⚙ Hardware ◈ Models ◎ Forecast

The hardware wall

Raw compute (FLOPs/$) improves quickly. Memory bandwidth and VRAM capacity — the resources that actually gate inference speed and model size — improve much slower, and the consumer tier is falling further behind datacenters every year.

Bandwidth gap

7×

Consumer (~1.8 TB/s) vs Rubin (13 TB/s) in 2026

VRAM gap

9×

Consumer 32 GB vs Rubin 288 GB

Consumer GPU freeze

2 yrs

No new Nvidia consumer card until ~2028 (RTX 60 series)

Bandwidth per $ trend

Flat

$/GB/s has barely improved at the flagship tier since 2020

The bandwidth race

Consumer and datacenter GPU memory bandwidth in GB/s. Both improve over time — but the datacenter curve is accelerating while consumer is stalling. The gap that was 3× in 2022 is over 7× by 2026.
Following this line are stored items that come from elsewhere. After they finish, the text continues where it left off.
lemma free_over_inter_isolator:
  assumes s: "\<And>i. i < n \<Longrightarrow> s i \<in> carrier G" and gen: "carrier G = adjoin_seq G {\<one>} s n"
    and K: "subgroup K G" and B: "subgroup B G"
  shows "\<exists>r\<le>n. free_over G (B \<inter> isolator G K (carrier G)) B r"
proof -
  interpret B: subgroup B G by (rule B)
  define D where "D = B \<inter> isolator G K (carrier G)"
  have D: "subgroup D G" unfolding D_def by (intro subgroups_Inter_pair B isolator_subgroup K subgroup_self)
  have "isolated G D B"
    unfolding isolated_def
  proof (intro ballI allI impI)
    fix x and j :: nat assume x: "x \<in> B" "0 < j" "x [^] j \<in> D"
    then have "x \<in> isolator G K (carrier G)"
      using isolated_isolator[of "carrier G" K] B.subset unfolding isolated_def D_def by blast
    then show "x \<in> D" using x(1) unfolding D_def by blast
  qed
  moreover have "B \<subseteq> adjoin_seq G {\<one>} s n" using gen B.subset by simp
  then obtain \<eta> where \<eta>: "\<forall>i<n. \<eta> i \<in> B" "B = adjoin_seq G {\<one>} \<eta> n"
    using subgroup_of_adjoin_seq[of n s, OF s B] by blast
  moreover have "\<forall>x\<in>B. \<exists>j::nat. 0 < j \<and> x [^] j \<in> adjoin_seq G D \<eta> n"
  proof
    fix x assume "x \<in> B"
    then have "x \<in> adjoin_seq G D \<eta> n"
      using \<eta>(2) adjoin_seq_mono[of "{\<one>}" D \<eta> n] subgroup.one_closed[OF D] by blast
    then show "\<exists>j::nat. 0 < j \<and> x [^] j \<in> adjoin_seq G D \<eta> n"
      using \<open>x \<in> B\<close> B.subset by (intro exI[of _ "1::nat"]) auto
  qed
  moreover have "D \<subseteq> B" unfolding D_def by blast
  ultimately have "\<exists>r\<le>n. free_over G D B r"
    using isolated_subgroup_free_over[OF s gen D B, where m = n and g = \<eta>] by blast
  then show ?thesis unfolding D_def .
qed

section \<open>Isomorphisms of free extensions\<close>

lemma adjoin_decomposition_unique:
  assumes Y: "subgroup Y G" and a: "a \<in> carrier G" and indep: "\<forall>t::int. a [^] t \<in> Y \<longrightarrow> t = 0"
    and xy: "x \<in> Y" "y \<in> Y" and eq: "x \<otimes> a [^] (t::int) = y \<otimes> a [^] (s::int)"
  shows "x = y \<and> t = s"
proof -
  interpret Y: subgroup Y G by (rule Y)
  have xc: "x \<in> carrier G" and yc: "y \<in> carrier G" using xy Y.subset by auto
  have c: "inv y \<otimes> x \<otimes> a [^] t = a [^] s"
    using eq xc yc a by (simp add: m_assoc inv_solve_left')
  have "a [^] (s - t) = a [^] s \<otimes> inv (a [^] t)" using a by (simp add: int_pow_diff)
  also have "\<dots> = inv y \<otimes> x" unfolding c[symmetric] using xc yc a by (simp add: m_assoc)
  finally have "a [^] (s - t) = inv y \<otimes> x" .
  then have "a [^] (s - t) \<in> Y" using xy by simp
  then have "t = s" using indep by auto
  then show ?thesis using eq xc yc a by simp
qed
2022 inflection point. The H100 SXM launched with 3,350 GB/s — 3.3× the RTX 4090's 1,008 GB/s. Before this, the gap was more modest. After this, it widens fast.

2026: the freeze bites. Nvidia will ship no new consumer GPU in 2026. DRAM supply is constrained by AI chip demand. Meanwhile the Rubin datacenter GPU arrives at 13,000 GB/s. The consumer-to-datacenter ratio hits its worst level ever.

Why this matters for local inference. Decoding tokens is bandwidth-bound, not compute-bound. Each token requires reading all the model's active weights from memory. Speed scales almost linearly with bandwidth, not with FLOP count.

Bandwidth per dollar: stagnant at the top

Lower $/GB/s means better value. The RTX 3080 in 2020 was actually better value than anything Nvidia shipped in the four years after it. The RTX 5090 only just returns to 2020 levels — and only at MSRP, which is rarely the street price.

Consumer flagship $/GB/s at launch

Lower = better value. Dotted = street price (typically higher than MSRP).

VRAM capacity (GB)

Consumer VRAM was flat at 24 GB for five years.

The RTX 3080 anomaly. In 2020, Nvidia cut the price while boosting bandwidth. The $699 RTX 3080 at $0.92/GB/s was better value than anything that followed. The lesson: don't assume bandwidth per dollar always improves.

Consumer VRAM is a brick wall. The flagship consumer GPU had 24 GB from 2020 (RTX 3090) through 2024 (RTX 4090). The RTX 5090 raised this to 32 GB in 2025 — but at $3,200–3,500 street price, the VRAM-per-dollar regression is severe.

What speed can you expect today?

RTX 4090 (24 GB, 1,008 GB/s) is the realistic anchor of a $3.5–5k build today. Speed is primarily determined by active parameter count — which is why MoE models are a qualitative shift.

Model	Type	VRAM (Q4)	Active params	Speed on 4090	Fits in $5k box?
Qwen2.5-7B	Dense	~5 GB	7B	~110 tok/s	Yes
Qwen2.5-14B	Dense	~9 GB	14B	~80 tok/s	Yes
Qwen3-30B-A3B	MoE (3B active)	~18 GB	3B active	~100–130 tok/s	Yes
Gemma 3 27B	Dense	~16 GB	27B	~35–45 tok/s	Yes
Qwen2.5-32B	Dense	~20 GB	32B	~30–40 tok/s	Yes (tight)
Llama 3.3 70B	Dense	~38 GB	70B	~42–52 tok/s	No — needs 2× 4090
Qwen3-235B-A22B	MoE (22B active)	~130 GB	22B active	~25–40 tok/s	No — needs ~6× 4090

FLOPs per dollar vs. bandwidth per dollar

This is the key divergence. FLOPs per dollar (what gets quoted in trend analyses) improves quickly. Bandwidth per dollar — what actually gates inference speed — does not. Treating the "2.1 year doubling" as if it applies to inference is the most common mistake in forecasting local model deployment.

The FLOP number is a trap for inference forecasting. FP16 FLOP/$ doubles roughly every 2.1 years. But a single forward pass on a 30B model needs roughly 60 GB of weight data moved from memory — and bandwidth isn't keeping pace. Buying more FLOPs doesn't help if you can't feed the GPU fast enough.

MoE is the partial escape hatch. By activating only 3B of 30B parameters per token, Qwen3-30B-A3B only needs to transfer ~6 GB of weights per forward pass instead of ~60 GB. This brings the bandwidth requirement back to something consumer hardware can handle. But it doesn't help with long contexts, where KV cache growth adds its own bandwidth pressure.